What you need to do:
Only the number is wanted: tally the lines below that contain the word "induced".

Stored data
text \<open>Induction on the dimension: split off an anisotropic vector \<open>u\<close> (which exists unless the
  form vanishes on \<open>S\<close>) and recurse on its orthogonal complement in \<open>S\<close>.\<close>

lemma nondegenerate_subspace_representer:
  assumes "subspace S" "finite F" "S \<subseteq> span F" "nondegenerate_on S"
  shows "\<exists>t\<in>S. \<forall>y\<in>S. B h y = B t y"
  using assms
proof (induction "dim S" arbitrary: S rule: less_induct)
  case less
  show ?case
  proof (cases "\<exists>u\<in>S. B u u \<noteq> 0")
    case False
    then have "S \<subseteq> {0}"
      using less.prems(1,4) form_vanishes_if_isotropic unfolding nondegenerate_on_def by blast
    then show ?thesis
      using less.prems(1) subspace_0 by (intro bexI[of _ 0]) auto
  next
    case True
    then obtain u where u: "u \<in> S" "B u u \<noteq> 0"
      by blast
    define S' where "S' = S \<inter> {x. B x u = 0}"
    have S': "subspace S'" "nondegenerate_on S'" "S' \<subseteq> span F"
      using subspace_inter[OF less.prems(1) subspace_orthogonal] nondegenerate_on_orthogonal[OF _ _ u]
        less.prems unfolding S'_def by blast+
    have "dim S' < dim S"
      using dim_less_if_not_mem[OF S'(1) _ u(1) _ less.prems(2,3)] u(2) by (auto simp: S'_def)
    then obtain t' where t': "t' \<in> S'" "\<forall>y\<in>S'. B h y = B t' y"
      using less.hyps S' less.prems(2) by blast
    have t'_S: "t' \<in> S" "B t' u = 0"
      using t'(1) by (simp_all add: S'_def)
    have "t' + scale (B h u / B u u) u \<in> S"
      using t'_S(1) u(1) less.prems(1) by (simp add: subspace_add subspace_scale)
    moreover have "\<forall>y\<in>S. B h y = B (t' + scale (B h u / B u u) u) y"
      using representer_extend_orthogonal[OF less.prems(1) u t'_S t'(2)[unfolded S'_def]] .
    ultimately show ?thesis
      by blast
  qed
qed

==

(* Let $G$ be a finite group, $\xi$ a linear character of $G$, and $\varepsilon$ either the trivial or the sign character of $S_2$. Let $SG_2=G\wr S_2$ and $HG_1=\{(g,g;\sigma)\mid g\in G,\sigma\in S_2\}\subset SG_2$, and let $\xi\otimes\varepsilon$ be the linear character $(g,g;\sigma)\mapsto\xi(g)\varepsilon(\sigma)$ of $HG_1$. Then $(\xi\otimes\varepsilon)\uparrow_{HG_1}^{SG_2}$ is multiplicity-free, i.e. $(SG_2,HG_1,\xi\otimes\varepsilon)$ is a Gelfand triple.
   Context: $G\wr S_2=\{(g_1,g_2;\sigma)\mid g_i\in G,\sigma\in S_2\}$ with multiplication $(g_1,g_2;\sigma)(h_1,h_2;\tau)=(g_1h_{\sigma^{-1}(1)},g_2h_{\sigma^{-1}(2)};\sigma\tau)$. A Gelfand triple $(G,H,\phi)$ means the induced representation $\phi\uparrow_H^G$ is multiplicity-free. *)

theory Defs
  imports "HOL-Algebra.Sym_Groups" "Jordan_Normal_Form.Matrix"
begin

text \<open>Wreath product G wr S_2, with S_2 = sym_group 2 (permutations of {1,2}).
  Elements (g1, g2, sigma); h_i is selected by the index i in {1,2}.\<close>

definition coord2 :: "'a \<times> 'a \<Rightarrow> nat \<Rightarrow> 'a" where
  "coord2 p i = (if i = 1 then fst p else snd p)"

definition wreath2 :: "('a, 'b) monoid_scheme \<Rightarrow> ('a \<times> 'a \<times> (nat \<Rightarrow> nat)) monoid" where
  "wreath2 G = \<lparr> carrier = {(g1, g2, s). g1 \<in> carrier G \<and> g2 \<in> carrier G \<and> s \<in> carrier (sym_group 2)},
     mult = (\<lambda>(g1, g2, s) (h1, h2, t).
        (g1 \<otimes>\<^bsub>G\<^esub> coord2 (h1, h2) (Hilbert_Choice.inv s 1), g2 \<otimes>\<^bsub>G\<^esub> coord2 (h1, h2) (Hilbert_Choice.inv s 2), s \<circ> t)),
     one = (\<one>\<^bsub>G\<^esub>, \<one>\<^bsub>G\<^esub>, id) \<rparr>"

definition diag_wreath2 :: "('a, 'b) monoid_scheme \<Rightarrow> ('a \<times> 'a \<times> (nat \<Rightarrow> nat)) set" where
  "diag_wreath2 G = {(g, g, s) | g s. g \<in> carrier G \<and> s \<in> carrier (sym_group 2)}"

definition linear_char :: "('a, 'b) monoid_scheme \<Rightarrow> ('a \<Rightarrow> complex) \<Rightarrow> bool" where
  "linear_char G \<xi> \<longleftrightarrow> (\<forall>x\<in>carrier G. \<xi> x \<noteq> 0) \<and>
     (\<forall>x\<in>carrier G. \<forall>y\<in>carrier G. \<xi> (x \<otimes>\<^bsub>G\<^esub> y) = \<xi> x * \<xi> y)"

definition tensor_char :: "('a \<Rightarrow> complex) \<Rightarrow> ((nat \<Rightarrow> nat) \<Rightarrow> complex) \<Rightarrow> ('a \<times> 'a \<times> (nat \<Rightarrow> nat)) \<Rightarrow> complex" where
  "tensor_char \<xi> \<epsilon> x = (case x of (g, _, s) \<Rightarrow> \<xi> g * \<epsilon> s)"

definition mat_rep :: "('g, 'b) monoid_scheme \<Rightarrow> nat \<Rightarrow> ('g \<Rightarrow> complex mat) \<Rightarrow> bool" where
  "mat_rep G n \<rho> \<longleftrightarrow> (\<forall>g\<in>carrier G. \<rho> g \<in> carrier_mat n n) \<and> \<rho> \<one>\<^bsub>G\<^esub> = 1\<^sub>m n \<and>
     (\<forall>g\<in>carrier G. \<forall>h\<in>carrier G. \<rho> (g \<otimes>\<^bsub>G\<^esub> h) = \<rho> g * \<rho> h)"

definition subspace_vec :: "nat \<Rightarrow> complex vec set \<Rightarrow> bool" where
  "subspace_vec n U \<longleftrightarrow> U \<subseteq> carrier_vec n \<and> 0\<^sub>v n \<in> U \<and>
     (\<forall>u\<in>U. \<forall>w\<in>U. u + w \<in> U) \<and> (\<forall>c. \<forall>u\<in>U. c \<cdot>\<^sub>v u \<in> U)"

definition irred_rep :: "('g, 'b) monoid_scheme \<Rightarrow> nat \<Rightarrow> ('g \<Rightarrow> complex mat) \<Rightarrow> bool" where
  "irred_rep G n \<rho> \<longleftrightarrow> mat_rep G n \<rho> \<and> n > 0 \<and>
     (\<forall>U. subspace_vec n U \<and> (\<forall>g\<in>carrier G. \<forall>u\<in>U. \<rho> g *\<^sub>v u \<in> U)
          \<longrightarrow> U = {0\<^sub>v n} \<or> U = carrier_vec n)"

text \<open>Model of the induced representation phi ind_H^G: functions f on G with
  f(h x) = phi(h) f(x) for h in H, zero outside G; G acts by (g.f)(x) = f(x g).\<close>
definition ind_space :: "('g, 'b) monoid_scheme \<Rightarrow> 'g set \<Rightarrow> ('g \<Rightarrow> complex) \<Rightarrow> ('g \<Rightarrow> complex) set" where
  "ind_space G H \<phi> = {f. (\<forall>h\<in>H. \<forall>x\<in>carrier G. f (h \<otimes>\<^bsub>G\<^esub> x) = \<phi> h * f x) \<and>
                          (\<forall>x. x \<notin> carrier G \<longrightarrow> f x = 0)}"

==

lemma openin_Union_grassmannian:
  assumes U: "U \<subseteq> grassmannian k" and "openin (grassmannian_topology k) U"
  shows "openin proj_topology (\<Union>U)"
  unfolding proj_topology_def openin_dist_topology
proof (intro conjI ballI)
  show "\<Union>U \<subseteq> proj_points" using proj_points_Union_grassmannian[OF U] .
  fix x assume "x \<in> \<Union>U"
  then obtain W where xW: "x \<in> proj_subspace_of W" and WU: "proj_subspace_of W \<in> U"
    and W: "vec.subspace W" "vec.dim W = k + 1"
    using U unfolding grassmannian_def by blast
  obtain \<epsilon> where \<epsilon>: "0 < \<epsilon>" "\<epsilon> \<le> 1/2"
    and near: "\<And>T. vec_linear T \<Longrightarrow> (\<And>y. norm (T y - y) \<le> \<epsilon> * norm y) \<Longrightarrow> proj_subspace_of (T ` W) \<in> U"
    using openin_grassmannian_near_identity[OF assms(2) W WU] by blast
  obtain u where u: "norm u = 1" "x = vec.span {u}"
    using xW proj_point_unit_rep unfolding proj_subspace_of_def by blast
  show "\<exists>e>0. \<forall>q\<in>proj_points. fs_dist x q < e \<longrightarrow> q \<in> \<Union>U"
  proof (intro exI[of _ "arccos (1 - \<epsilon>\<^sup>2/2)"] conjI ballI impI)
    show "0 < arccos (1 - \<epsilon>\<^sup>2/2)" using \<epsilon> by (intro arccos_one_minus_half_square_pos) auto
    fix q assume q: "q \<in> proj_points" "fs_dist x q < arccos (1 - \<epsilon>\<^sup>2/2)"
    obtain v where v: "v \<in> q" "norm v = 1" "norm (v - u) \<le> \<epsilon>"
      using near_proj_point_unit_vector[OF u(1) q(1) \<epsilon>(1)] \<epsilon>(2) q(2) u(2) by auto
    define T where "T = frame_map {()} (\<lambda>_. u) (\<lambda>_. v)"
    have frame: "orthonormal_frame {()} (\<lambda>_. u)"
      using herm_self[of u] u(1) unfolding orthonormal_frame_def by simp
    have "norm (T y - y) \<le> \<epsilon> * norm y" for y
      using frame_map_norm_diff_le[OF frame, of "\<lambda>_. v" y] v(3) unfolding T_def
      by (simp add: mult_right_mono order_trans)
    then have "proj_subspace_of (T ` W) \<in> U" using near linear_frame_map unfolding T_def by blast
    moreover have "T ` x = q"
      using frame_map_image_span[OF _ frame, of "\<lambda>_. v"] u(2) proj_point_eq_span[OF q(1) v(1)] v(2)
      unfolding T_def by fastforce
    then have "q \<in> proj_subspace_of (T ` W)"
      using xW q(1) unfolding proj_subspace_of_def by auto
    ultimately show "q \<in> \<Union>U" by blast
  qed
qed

Response to the exercise:
2